::: Extracted data :::

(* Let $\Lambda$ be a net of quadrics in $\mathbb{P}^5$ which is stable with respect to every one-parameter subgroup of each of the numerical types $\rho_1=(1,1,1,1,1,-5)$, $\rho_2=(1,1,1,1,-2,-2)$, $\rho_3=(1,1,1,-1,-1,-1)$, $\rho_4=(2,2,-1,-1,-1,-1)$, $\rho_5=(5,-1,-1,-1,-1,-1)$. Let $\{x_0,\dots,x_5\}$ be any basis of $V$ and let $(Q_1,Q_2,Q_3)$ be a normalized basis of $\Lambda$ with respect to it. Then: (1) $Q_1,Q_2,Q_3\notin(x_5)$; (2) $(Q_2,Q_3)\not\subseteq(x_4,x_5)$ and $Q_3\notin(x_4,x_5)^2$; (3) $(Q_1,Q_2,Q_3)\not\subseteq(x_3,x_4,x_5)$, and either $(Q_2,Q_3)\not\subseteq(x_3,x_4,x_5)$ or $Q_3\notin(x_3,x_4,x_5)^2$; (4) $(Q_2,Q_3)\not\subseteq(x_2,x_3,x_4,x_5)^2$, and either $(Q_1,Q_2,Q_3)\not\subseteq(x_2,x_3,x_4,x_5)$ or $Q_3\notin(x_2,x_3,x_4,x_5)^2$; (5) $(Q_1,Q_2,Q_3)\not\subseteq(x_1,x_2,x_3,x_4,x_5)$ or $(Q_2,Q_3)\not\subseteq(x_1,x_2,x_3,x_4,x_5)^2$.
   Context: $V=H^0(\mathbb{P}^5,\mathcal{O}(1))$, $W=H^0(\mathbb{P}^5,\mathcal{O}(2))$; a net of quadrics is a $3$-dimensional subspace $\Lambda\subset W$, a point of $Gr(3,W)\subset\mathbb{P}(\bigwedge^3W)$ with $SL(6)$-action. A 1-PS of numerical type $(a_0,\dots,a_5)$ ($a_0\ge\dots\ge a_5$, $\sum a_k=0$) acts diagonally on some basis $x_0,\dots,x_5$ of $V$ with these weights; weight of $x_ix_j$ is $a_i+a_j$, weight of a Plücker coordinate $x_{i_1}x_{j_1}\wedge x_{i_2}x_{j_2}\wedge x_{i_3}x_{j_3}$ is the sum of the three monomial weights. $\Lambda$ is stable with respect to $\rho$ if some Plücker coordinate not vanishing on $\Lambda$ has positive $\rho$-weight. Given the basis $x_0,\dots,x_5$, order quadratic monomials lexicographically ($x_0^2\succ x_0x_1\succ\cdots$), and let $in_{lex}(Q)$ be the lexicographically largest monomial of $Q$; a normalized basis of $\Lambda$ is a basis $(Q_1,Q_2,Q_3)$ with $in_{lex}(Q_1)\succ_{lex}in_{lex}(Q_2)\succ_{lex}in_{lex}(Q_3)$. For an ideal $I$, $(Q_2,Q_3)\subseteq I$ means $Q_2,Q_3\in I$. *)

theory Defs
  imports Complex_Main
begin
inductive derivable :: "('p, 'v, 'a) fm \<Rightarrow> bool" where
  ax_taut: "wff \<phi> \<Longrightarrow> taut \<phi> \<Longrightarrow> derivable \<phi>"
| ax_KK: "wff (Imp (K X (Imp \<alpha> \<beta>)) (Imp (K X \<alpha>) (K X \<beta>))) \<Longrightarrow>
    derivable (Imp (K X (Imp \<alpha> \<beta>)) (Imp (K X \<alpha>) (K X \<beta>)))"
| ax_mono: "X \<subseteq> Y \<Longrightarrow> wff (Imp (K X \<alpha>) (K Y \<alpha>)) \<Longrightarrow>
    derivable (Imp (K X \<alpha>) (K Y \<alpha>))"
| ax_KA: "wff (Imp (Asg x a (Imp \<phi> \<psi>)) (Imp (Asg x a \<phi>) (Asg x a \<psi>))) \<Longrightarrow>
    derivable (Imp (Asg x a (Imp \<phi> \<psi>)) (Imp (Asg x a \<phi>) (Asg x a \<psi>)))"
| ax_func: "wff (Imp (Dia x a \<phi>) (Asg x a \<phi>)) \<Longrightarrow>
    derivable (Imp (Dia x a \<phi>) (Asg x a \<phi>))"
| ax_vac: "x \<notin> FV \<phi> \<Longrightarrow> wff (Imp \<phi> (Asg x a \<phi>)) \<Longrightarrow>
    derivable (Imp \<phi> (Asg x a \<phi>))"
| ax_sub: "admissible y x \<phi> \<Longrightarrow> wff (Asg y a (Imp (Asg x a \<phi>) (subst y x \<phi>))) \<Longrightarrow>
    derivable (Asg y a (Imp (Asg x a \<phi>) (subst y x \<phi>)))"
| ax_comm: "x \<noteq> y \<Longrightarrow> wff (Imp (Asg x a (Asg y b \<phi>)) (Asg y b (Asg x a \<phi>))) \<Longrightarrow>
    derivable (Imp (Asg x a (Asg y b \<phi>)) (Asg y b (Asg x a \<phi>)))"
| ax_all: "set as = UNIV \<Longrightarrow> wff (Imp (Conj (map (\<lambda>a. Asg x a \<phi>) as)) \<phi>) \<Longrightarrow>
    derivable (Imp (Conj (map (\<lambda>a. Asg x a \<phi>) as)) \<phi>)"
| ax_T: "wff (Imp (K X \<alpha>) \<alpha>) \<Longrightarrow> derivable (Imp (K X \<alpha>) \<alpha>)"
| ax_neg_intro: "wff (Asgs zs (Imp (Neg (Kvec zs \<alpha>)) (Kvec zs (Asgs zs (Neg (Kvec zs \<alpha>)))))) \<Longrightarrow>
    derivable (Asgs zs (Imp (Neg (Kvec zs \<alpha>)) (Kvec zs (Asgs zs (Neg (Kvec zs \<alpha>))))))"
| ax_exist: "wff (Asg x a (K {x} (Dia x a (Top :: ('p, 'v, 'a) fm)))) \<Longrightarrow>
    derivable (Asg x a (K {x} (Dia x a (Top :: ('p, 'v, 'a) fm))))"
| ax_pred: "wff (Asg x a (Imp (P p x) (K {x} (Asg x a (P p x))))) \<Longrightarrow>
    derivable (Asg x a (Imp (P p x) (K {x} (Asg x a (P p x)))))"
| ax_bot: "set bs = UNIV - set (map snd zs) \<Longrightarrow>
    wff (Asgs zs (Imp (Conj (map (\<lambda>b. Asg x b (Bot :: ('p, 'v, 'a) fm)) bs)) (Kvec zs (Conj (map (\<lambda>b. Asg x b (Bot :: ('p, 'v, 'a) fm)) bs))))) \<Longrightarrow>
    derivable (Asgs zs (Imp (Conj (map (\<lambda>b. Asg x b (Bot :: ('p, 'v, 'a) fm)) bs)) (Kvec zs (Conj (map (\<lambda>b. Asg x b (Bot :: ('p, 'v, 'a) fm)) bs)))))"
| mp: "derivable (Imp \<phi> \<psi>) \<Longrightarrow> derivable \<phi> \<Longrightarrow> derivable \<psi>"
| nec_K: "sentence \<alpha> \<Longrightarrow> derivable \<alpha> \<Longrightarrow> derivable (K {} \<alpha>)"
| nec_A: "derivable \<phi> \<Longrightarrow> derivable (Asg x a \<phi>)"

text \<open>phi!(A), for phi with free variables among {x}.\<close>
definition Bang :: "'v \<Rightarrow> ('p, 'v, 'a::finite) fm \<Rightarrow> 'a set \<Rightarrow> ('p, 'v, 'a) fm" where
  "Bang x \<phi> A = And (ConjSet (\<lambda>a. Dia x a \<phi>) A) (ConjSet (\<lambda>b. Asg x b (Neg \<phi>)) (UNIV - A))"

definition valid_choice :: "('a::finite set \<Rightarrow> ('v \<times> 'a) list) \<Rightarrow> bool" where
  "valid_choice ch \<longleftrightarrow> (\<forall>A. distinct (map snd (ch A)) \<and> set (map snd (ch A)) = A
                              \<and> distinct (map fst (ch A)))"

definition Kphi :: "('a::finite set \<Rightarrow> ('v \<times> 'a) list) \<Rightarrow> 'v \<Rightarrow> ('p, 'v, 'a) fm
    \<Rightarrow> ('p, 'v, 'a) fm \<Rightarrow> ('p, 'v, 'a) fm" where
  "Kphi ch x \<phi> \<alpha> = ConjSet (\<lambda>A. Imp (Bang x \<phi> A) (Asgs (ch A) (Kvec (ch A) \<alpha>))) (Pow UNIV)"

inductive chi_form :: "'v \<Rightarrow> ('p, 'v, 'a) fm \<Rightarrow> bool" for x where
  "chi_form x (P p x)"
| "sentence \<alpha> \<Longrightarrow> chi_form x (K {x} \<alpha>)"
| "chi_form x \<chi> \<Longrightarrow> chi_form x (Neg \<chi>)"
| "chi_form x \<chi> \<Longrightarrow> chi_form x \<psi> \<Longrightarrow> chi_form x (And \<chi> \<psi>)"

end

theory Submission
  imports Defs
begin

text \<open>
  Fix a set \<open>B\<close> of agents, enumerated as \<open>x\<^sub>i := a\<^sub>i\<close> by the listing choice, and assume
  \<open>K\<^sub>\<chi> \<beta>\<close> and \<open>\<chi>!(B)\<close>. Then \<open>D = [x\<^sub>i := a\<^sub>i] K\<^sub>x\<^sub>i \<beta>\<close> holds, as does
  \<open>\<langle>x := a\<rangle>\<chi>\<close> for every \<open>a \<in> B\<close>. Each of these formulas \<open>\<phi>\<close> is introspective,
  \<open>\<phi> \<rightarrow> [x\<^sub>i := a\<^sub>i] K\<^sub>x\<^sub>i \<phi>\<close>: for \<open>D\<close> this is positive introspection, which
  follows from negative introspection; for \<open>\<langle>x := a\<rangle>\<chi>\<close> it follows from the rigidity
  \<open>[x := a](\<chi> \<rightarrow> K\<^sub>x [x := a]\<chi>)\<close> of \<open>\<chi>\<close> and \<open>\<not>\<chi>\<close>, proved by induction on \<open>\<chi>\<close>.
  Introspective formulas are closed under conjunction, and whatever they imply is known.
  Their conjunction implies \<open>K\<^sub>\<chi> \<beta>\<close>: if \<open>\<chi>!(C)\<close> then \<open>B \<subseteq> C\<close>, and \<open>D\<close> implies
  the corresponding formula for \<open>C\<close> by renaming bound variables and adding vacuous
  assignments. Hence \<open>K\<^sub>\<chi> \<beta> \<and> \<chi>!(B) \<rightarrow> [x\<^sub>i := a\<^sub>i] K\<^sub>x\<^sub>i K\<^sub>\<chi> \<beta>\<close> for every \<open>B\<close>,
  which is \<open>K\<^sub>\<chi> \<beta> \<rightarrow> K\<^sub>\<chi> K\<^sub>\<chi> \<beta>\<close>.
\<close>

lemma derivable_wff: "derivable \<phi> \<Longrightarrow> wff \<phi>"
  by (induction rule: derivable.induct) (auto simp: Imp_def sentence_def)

:::

**What to produce**
In the records above, find every line containing the word "bool" and show it.

**Answer below**
inductive derivable :: "('p, 'v, 'a) fm \<Rightarrow> bool" where
definition valid_choice :: "('a::finite set \<Rightarrow> ('v \<times> 'a) list) \<Rightarrow> bool" where
inductive chi_form :: "'v \<Rightarrow> ('p, 'v, 'a) fm \<Rightarrow> bool" for x where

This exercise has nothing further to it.